Drei Flaschen, zwei Tuben und eine Spraydose stehen im Regal, und die häufigste Frage in der Werkstatt lautet: Was davon kommt jetzt wohin? Diese Kaufberatung sortiert das. Sie erklärt, was Öl, Fett und Kriechöl unterscheidet, welches Mittel an welche Stelle am Rad gehört und wie oft du nachlegen musst.
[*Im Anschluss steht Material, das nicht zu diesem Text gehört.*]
lemma CTA_vs_continuation:
  assumes "CTA A" and "reaches A \<gamma> (l, R)" and "\<gamma>' \<in> vs A \<gamma> \<xi>"
  obtains \<nu> w d where "reachable_config A l \<nu>" and "is_run A l \<nu> w d" and "tword A w"
    and "rcw_of \<nu> w d = \<gamma>'" and "\<gamma> @ \<gamma>' \<in> Lr A \<longleftrightarrow> fst (final_of l \<nu> w d) \<in> acc A"
proof -
  obtain u e where "run A u e" "rcw_of zero_val u e = \<gamma>" "fst (final_of (init A) zero_val u e) = l"
    using assms(2) unfolding reaches_def Let_def case_prod_beta by auto
  then obtain \<nu> where u: "run A u e" "rcw_of zero_val u e = \<gamma>" "final_of (init A) zero_val u e = (l, \<nu>)"
    by (metis prod.collapse)
  then have "reachable_config A l \<nu>"
    by (auto simp: reachable_config_def)
  obtain W D where W: "run A W D" "rcw_of zero_val W D = \<gamma> @ \<gamma>'"
    using assms(3) by (auto simp: vs_def valid_rc_def)
  obtain w d where "W = u @ w" and "D = e @ d" and cont: "is_run A l \<nu> w d" "tword A w" "rcw_of \<nu> w d = \<gamma>'"
    using CTA_run_split[OF assms(1) W u] .
  then have "final_of (init A) zero_val W D = final_of l \<nu> w d"
    using final_of_append[OF _ u(3)] u(1) by (auto simp: run_def dest: is_run_length)
  then have "\<gamma> @ \<gamma>' \<in> Lr A \<longleftrightarrow> fst (final_of l \<nu> w d) \<in> acc A"
    using CTA_rcw_of_in_Lr_iff[OF assms(1) W(1)] W(2) by simp
  with \<open>reachable_config A l \<nu>\<close> cont show thesis
    by (rule that)
qed

theorem lemma3p8:
  fixes A :: "('s, 'l, 'c::finite) ta"
    and \<gamma>1 \<gamma>2 :: "('s, 'c) rcword"
    and q :: "'l \<times> 'c val set"
  assumes "CTA A"
    and "valid_rc A \<gamma>1" and "valid_rc A \<gamma>2"
    and "reaches A \<gamma>1 q" and "reaches A \<gamma>2 q"
  shows "rc_equiv A \<gamma>1 \<gamma>2"
  unfolding rc_equiv_def
proof (intro allI ballI)
  fix \<xi> \<gamma>1' \<gamma>2'
  assume vs1: "\<gamma>1' \<in> vs A \<gamma>1 \<xi>" and vs2: "\<gamma>2' \<in> vs A \<gamma>2 \<xi>"
  obtain l R where q: "q = (l, R)"
    by fastforce
  obtain \<nu>1 w1 d1 where reach1: "reachable_config A l \<nu>1" and run1: "is_run A l \<nu>1 w1 d1"
      and "tword A w1" and rcw1: "rcw_of \<nu>1 w1 d1 = \<gamma>1'"
      and Lr1: "\<gamma>1 @ \<gamma>1' \<in> Lr A \<longleftrightarrow> fst (final_of l \<nu>1 w1 d1) \<in> acc A"
    using CTA_vs_continuation[OF assms(1) assms(4)[unfolded q] vs1] .
  obtain \<nu>2 w2 d2 where reach2: "reachable_config A l \<nu>2" and run2: "is_run A l \<nu>2 w2 d2"
      and "tword A w2" and rcw2: "rcw_of \<nu>2 w2 d2 = \<gamma>2'"
      and Lr2: "\<gamma>2 @ \<gamma>2' \<in> Lr A \<longleftrightarrow> fst (final_of l \<nu>2 w2 d2) \<in> acc A"
    using CTA_vs_continuation[OF assms(1) assms(5)[unfolded q] vs2] .
  have "region_word A \<gamma>1' = region_word A \<gamma>2'"
    using vs1 vs2 by (simp add: vs_def)
  then have "d1 = d2"
    using CTA_same_region_word_same_transitions[OF assms(1) reach1 reach2 run1 \<open>tword A w1\<close>
        run2 \<open>tword A w2\<close>] rcw1 rcw2 by simp
  moreover have "length w1 = length d1" and "length w2 = length d2"
    using run1 run2 by (simp_all add: is_run_length)
  ultimately have "fst (final_of l \<nu>1 w1 d1) = fst (final_of l \<nu>2 w2 d2)"
    and "resets \<gamma>1' = resets \<gamma>2'"
    using fst_final_of_same_transitions resets_rcw_of rcw1 rcw2 by metis+
  with Lr1 Lr2 show "(\<gamma>1 @ \<gamma>1' \<in> Lr A \<longleftrightarrow> \<gamma>2 @ \<gamma>2' \<in> Lr A) \<and> resets \<gamma>1' = resets \<gamma>2'"
    by simp
qed

end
Die eine Regel, die fast alles erklärt
Schmierstoffe am Fahrrad teilen sich in drei Gruppen, und jede hat genau eine Aufgabe.
- Öl ist dünn und kriecht in enge Gelenke. Es gehört an die Kette, denn dort muss der Schmierstoff zwischen Bolzen und Hülse gelangen, also in einen Spalt von Bruchteilen eines Millimeters.
- Fett ist zäh und bleibt liegen. Es gehört in Lager, also in Innenlager, Steuersatz, Naben und Pedale, wo Kugeln in einer Schale laufen und der Schmierstoff monatelang an Ort und Stelle bleiben soll.
- Kriechöl ist noch dünner als Kettenöl und dafür gemacht, Korrosion zu lösen. Es gehört an festsitzende Schrauben, an Züge und an Gelenke, nicht an die Kette und nicht in ein Lager.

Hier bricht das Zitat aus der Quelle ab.